__What you should do__:
Each line holding the word "positive" must appear in the answer, copied from the entries.

*** Supplied records ***

(* Let $k>24$ be an integer. Then for every finite point set $\mathcal{P}\subset\mathbb{R}^2$, the trapezoidal Yao graph $\mathsf{TY}_k(\mathcal{P})$ is a geometric $\tau_k$-spanner, where $$\tau_k=\left(1-2\sin\Big(\frac{\pi}{k}+\frac{\pi}{8}\Big)\right)^{-1}.$$
   Context: For $\theta\in[\pi/4,\pi/3)$ the curved trapezoid is the open set $\mathcal{T}_\theta=\{(x,y)\mid 0<x<1,\ 0<y<\sin\theta,\ x^2+y^2<1,\ (x-1)^2+y^2<1\}$; its critical arc is the closed arc $\{(\cos\phi,\sin\phi)\mid 0\le\phi\le\theta\}$ of its boundary (the boundary arc not incident to the origin). For a set $\mathcal{O}$: $\mathcal{O}^-$ is its reflection through the $x$-axis; $\mathrm{Rot}_{\gamma}(\mathcal{O})$ its counterclockwise rotation by $\gamma$ about the origin; $\lambda\mathcal{O}$ its dilation by factor $\lambda$ about the origin; $u+\mathcal{O}$ its translate by $u$ (these operations are applied to the critical arc as well). Trapezoidal Yao graph $\mathsf{TY}_k(\mathcal{P})$: let $\theta=\lceil k/8\rceil\cdot 2\pi/k$. For each $u\in\mathcal{P}$ and $j=0,\dots,k-1$ let $\Gamma_{j1}=\mathrm{Rot}_{2j\pi/k}(\mathcal{T}_\theta)$ and $\Gamma_{j2}=\mathrm{Rot}_{2j\pi/k}(\mathcal{T}_\theta^-)$. For each $i=1,2$, grow the shape $u+\lambda\Gamma_{ji}$ by increasing $\lambda$ from $0$ until its boundary first hits some point $v\in\mathcal{P}\setminus\{u\}$; if $v$ lies on the (transformed) critical arc, add the edge $\overrightarrow{uv}$, otherwise add nothing. A graph $G$ with vertex set $\mathcal{P}$ (edges regarded as undirected with Euclidean lengths) is a geometric $t$-spanner if for all $u,v\in\mathcal{P}$ the shortest $u$-$v$ path in $G$ has length at most $t|uv|$. *)

theory Defs
  imports "HOL-Analysis.Analysis"
begin
(* Let $H=\bigcup_{j=1}^n(c_j,d_j)\subset\mathbb R$ with pairwise disjoint closed intervals $[c_j,d_j]$, let $\mathcal B$ be finite and $m\ge2$. Assume for each $\beta\in\mathcal B$: $b_\beta,\theta_\beta\in C^m(\bar H)$, $b_\beta>0$ on $\bar H$, $\theta_\beta(H)\subset H$; and there exist $\mu\ge1$ and $\kappa<1$ with $|\theta_\omega(x)-\theta_\omega(y)|\le\kappa|x-y|$ for all $\omega\in\mathcal B_\mu$, $x,y\in\bar H$. For $s>0$ let $v_s$ be the strictly positive, normalized $C^m$ eigenvector of $(L_sf)(x)=\sum_{\beta\in\mathcal B}[b_\beta(x)]^sf(\theta_\beta(x))$ (with eigenvalue $r(L_s)$). Let $\epsilon_0=1$ and $\epsilon_\nu=\sup\{|\theta_\omega(x)-\theta_\omega(y)|/|x-y|:\omega\in\mathcal B_\nu,x,y\in H,x\ne y\}$ for $\nu\ge1$, and let $C_1=\sup\{|Db_\beta(x)|/b_\beta(x):\beta\in\mathcal B,x\in H\}$, $C_2=\sup\{|D^2b_\beta(x)|/b_\beta(x):\beta\in\mathcal B,x\in H\}$, $M_0=\sup\{|D^2\theta_\beta(x)|:\beta\in\mathcal B,x\in\bar H\}$. Then for all $x\in\bar H$, $$\frac{D^2v_s(x)}{v_s(x)}\le s^2C_1^2\Big(\sum_{k=0}^\infty\epsilon_k\Big)^2+s\Big(\sum_{k=0}^\infty\epsilon_k^2\Big)\Big[C_2+C_1M_0\sum_{k=0}^\infty\epsilon_k\Big]$$ and $$\frac{D^2v_s(x)}{v_s(x)}\ge -s\Big(\sum_{k=0}^\infty\epsilon_k^2\Big)\Big[(C_2+C_1^2)+C_1M_0\sum_{k=0}^\infty\epsilon_k\Big].$$
   Context: $D=d/dx$. $\mathcal B_\nu=\{(j_1,\ldots,j_\nu):j_k\in\mathcal B\}$ and $\theta_{(j_1,\ldots,j_\nu)}=\theta_{j_\nu}\circ\cdots\circ\theta_{j_1}$. $C^m(\bar H)$ denotes real $C^m$ functions on $H$ whose derivatives of order $\le m$ extend continuously to $\bar H$. Under these hypotheses $L_s$ acting on $C^m(\bar H)$ has a strictly positive $C^m$ eigenvector, unique up to positive multiples, with eigenvalue $r(L_s)>0$. *)

theory Defs
  imports "HOL-Analysis.Analysis"
begin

***

__Written solution__:
(* Let $H=\bigcup_{j=1}^n(c_j,d_j)\subset\mathbb R$ with pairwise disjoint closed intervals $[c_j,d_j]$, let $\mathcal B$ be finite and $m\ge2$. Assume for each $\beta\in\mathcal B$: $b_\beta,\theta_\beta\in C^m(\bar H)$, $b_\beta>0$ on $\bar H$, $\theta_\beta(H)\subset H$; and there exist $\mu\ge1$ and $\kappa<1$ with $|\theta_\omega(x)-\theta_\omega(y)|\le\kappa|x-y|$ for all $\omega\in\mathcal B_\mu$, $x,y\in\bar H$. For $s>0$ let $v_s$ be the strictly positive, normalized $C^m$ eigenvector of $(L_sf)(x)=\sum_{\beta\in\mathcal B}[b_\beta(x)]^sf(\theta_\beta(x))$ (with eigenvalue $r(L_s)$). Let $\epsilon_0=1$ and $\epsilon_\nu=\sup\{|\theta_\omega(x)-\theta_\omega(y)|/|x-y|:\omega\in\mathcal B_\nu,x,y\in H,x\ne y\}$ for $\nu\ge1$, and let $C_1=\sup\{|Db_\beta(x)|/b_\beta(x):\beta\in\mathcal B,x\in H\}$, $C_2=\sup\{|D^2b_\beta(x)|/b_\beta(x):\beta\in\mathcal B,x\in H\}$, $M_0=\sup\{|D^2\theta_\beta(x)|:\beta\in\mathcal B,x\in\bar H\}$. Then for all $x\in\bar H$, $$\frac{D^2v_s(x)}{v_s(x)}\le s^2C_1^2\Big(\sum_{k=0}^\infty\epsilon_k\Big)^2+s\Big(\sum_{k=0}^\infty\epsilon_k^2\Big)\Big[C_2+C_1M_0\sum_{k=0}^\infty\epsilon_k\Big]$$ and $$\frac{D^2v_s(x)}{v_s(x)}\ge -s\Big(\sum_{k=0}^\infty\epsilon_k^2\Big)\Big[(C_2+C_1^2)+C_1M_0\sum_{k=0}^\infty\epsilon_k\Big].$$
   Context: $D=d/dx$. $\mathcal B_\nu=\{(j_1,\ldots,j_\nu):j_k\in\mathcal B\}$ and $\theta_{(j_1,\ldots,j_\nu)}=\theta_{j_\nu}\circ\cdots\circ\theta_{j_1}$. $C^m(\bar H)$ denotes real $C^m$ functions on $H$ whose derivatives of order $\le m$ extend continuously to $\bar H$. Under these hypotheses $L_s$ acting on $C^m(\bar H)$ has a strictly positive $C^m$ eigenvector, unique up to positive multiples, with eigenvalue $r(L_s)>0$. *)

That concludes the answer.